DEAR HARRIETTE: I am in college, and I recently came out as gay. In high school I dated a few girls, some more seriously than others. I'm not on good terms with those girls as it is, but I was wondering if I'm obligated to tell them I'm gay. I don't want to cause any drama if they find out through other people, but I'm not sure if it is any of their business. What do you think? -- Out, Syracuse, N.Y.
DEAR OUT: You have no obligation to go back to previous girlfriends to tell them that you are gay.
Beyond obligation is being thoughtful. You say you are not on good terms with any of these girls, which means you weren't likely planning to stay in touch with them. If you think any of your serious relationships soured because you were gay and didn't realize it or you were hiding it, it would be kind to go back to those girls to express your regret that the relationship did not work for this reason. If you knew you were gay and grappling with it, say as much. If you did not realize it until now, say that. Essentially, tell the truth to whomever you believe deserves to hear it. In this way, you are in control of how the information is revealed to people who have impacted your life rather than having it spread via other voices. It is your choice.
DEAR HARRIETTE: A couple of years ago, I dated a guy whose mother didn't like me very much. I found out that even after we broke up she was saying rude things about me behind my back to my ex's sister, who in turn told one of my friends -- that's how it got back to me. I saw her at an event recently and didn't know what to do. In a situation like that, is it best to say hello and take the high road or just leave her alone? -- Snubbed, Atlanta
DEAR SNUBBED: It is curious that this mother continues to talk badly about you. Who knows what her agenda is? You have no reason to get entangled in it unless you feel that she is damaging your reputation. Speaking curtly and moving on would be fine. No need to be warm, knowing that she is being rude.

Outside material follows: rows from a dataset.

(* Fix $\gamma\neq0$. Consider the subclass of equations $i\psi_t+\psi_{xx}+|\psi|^\gamma\psi+V\psi=0$ with stationary potentials, i.e. $V=V(x)$ an arbitrary smooth complex-valued function of $x$. The intersection of the maximal Lie invariance algebras of all equations in this subclass is $\langle M,\ D(1)\rangle=\langle M,\ \partial_t\rangle$.
   Context: $M=i(\psi\partial_\psi-\psi^*\partial_{\psi^*})$, and $D(1)=\partial_t$. Lie symmetries are vector fields on the space of $(t,x,\psi,\psi^* )$, with $\psi^*$ treated as an independent variable. *)

theory Defs
  imports "HOL-Analysis.Analysis"
begin

fun Ck :: "nat \<Rightarrow> ('a::real_normed_vector \<Rightarrow> 'b::real_normed_vector) \<Rightarrow> bool" where
  "Ck 0 f = continuous_on UNIV f"
| "Ck (Suc k) f = ((\<forall>p. f differentiable (at p)) \<and>
                    (\<forall>e. Ck k (\<lambda>p. frechet_derivative f (at p) e)))"

definition smooth :: "('a::real_normed_vector \<Rightarrow> 'b::real_normed_vector) \<Rightarrow> bool" where
  "smooth f \<longleftrightarrow> (\<forall>k. Ck k f)"

definition dT :: "(real \<Rightarrow> real \<Rightarrow> complex) \<Rightarrow> real \<Rightarrow> real \<Rightarrow> complex" where
  "dT f t x = vector_derivative (\<lambda>s. f s x) (at t)"

definition dX :: "(real \<Rightarrow> real \<Rightarrow> complex) \<Rightarrow> real \<Rightarrow> real \<Rightarrow> complex" where
  "dX f t x = vector_derivative (\<lambda>s. f t s) (at x)"

text \<open>Nonlinearity |psi|^gamma psi and its directional (real) derivative in
  direction w, i.e. the action of eta d/dpsi + conj(eta) d/dpsi* on it.\<close>

definition NL :: "real \<Rightarrow> complex \<Rightarrow> complex" where
  "NL \<gamma> z = complex_of_real (cmod z powr \<gamma>) * z"

definition dNL :: "real \<Rightarrow> complex \<Rightarrow> complex \<Rightarrow> complex" where
  "dNL \<gamma> z w = vector_derivative (\<lambda>s. NL \<gamma> (z + complex_of_real s * w)) (at 0)"

definition Delta :: "real \<Rightarrow> (real \<Rightarrow> complex) \<Rightarrow> (real \<Rightarrow> real \<Rightarrow> complex) \<Rightarrow> real \<Rightarrow> real \<Rightarrow> complex" where
  "Delta \<gamma> V \<psi> t x = \<i> * dT \<psi> t x + dX (dX \<psi>) t x + NL \<gamma> (\<psi> t x) + V x * \<psi> t x"

text \<open>A point vector field Q = tau d_t + xi d_x + eta d_psi + conj(eta) d_psi*
  (tau, xi real; coefficients depend on (t,x,psi), psi in C = R^2, i.e. on
  (t,x,psi,psi*)). Characteristic along psi and second-prolongation
  coefficients eta^t, eta^xx, with total derivatives realised along psi.\<close>

definition charQ :: "(real \<Rightarrow> real \<Rightarrow> complex \<Rightarrow> real) \<Rightarrow> (real \<Rightarrow> real \<Rightarrow> complex \<Rightarrow> real)
    \<Rightarrow> (real \<Rightarrow> real \<Rightarrow> complex \<Rightarrow> complex) \<Rightarrow> (real \<Rightarrow> real \<Rightarrow> complex) \<Rightarrow> real \<Rightarrow> real \<Rightarrow> complex" where
  "charQ \<tau> \<xi> \<eta> \<psi> t x = \<eta> t x (\<psi> t x)
      - complex_of_real (\<tau> t x (\<psi> t x)) * dT \<psi> t x
      - complex_of_real (\<xi> t x (\<psi> t x)) * dX \<psi> t x"

definition eta_t :: "(real \<Rightarrow> real \<Rightarrow> complex \<Rightarrow> real) \<Rightarrow> (real \<Rightarrow> real \<Rightarrow> complex \<Rightarrow> real)
    \<Rightarrow> (real \<Rightarrow> real \<Rightarrow> complex \<Rightarrow> complex) \<Rightarrow> (real \<Rightarrow> real \<Rightarrow> complex) \<Rightarrow> real \<Rightarrow> real \<Rightarrow> complex" where
  "eta_t \<tau> \<xi> \<eta> \<psi> t x = dT (charQ \<tau> \<xi> \<eta> \<psi>) t x
      + complex_of_real (\<tau> t x (\<psi> t x)) * dT (dT \<psi>) t x
      + complex_of_real (\<xi> t x (\<psi> t x)) * dX (dT \<psi>) t x"

definition eta_xx :: "(real \<Rightarrow> real \<Rightarrow> complex \<Rightarrow> real) \<Rightarrow> (real \<Rightarrow> real \<Rightarrow> complex \<Rightarrow> real)
    \<Rightarrow> (real \<Rightarrow> real \<Rightarrow> complex \<Rightarrow> complex) \<Rightarrow> (real \<Rightarrow> real \<Rightarrow> complex) \<Rightarrow> real \<Rightarrow> real \<Rightarrow> complex" where
  "eta_xx \<tau> \<xi> \<eta> \<psi> t x = dX (dX (charQ \<tau> \<xi> \<eta> \<psi>)) t x
      + complex_of_real (\<tau> t x (\<psi> t x)) * dT (dX (dX \<psi>)) t x
      + complex_of_real (\<xi> t x (\<psi> t x)) * dX (dX (dX \<psi>)) t x"

definition prQDelta :: "real \<Rightarrow> (real \<Rightarrow> complex) \<Rightarrow> (real \<Rightarrow> real \<Rightarrow> complex \<Rightarrow> real) \<Rightarrow> (real \<Rightarrow> real \<Rightarrow> complex \<Rightarrow> real)
    \<Rightarrow> (real \<Rightarrow> real \<Rightarrow> complex \<Rightarrow> complex) \<Rightarrow> (real \<Rightarrow> real \<Rightarrow> complex) \<Rightarrow> real \<Rightarrow> real \<Rightarrow> complex" where
  "prQDelta \<gamma> V \<tau> \<xi> \<eta> \<psi> t x =
      \<i> * eta_t \<tau> \<xi> \<eta> \<psi> t x + eta_xx \<tau> \<xi> \<eta> \<psi> t x
      + dNL \<gamma> (\<psi> t x) (\<eta> t x (\<psi> t x))
      + complex_of_real (\<xi> t x (\<psi> t x)) * vector_derivative V (at x) * \<psi> t x
      + V x * \<eta> t x (\<psi> t x)"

If you believe that she is actively attempting to malign your name, you may consider reaching out to her and proactively letting her know that you do not appreciate her comments. You could tell her that her comments have gotten back to you, and if she is actually saying these things -- which you should be prepared to enumerate -- you should ask her to stop. Remind her that you are no longer in a relationship with her son. You would appreciate her closing the door on comments about you.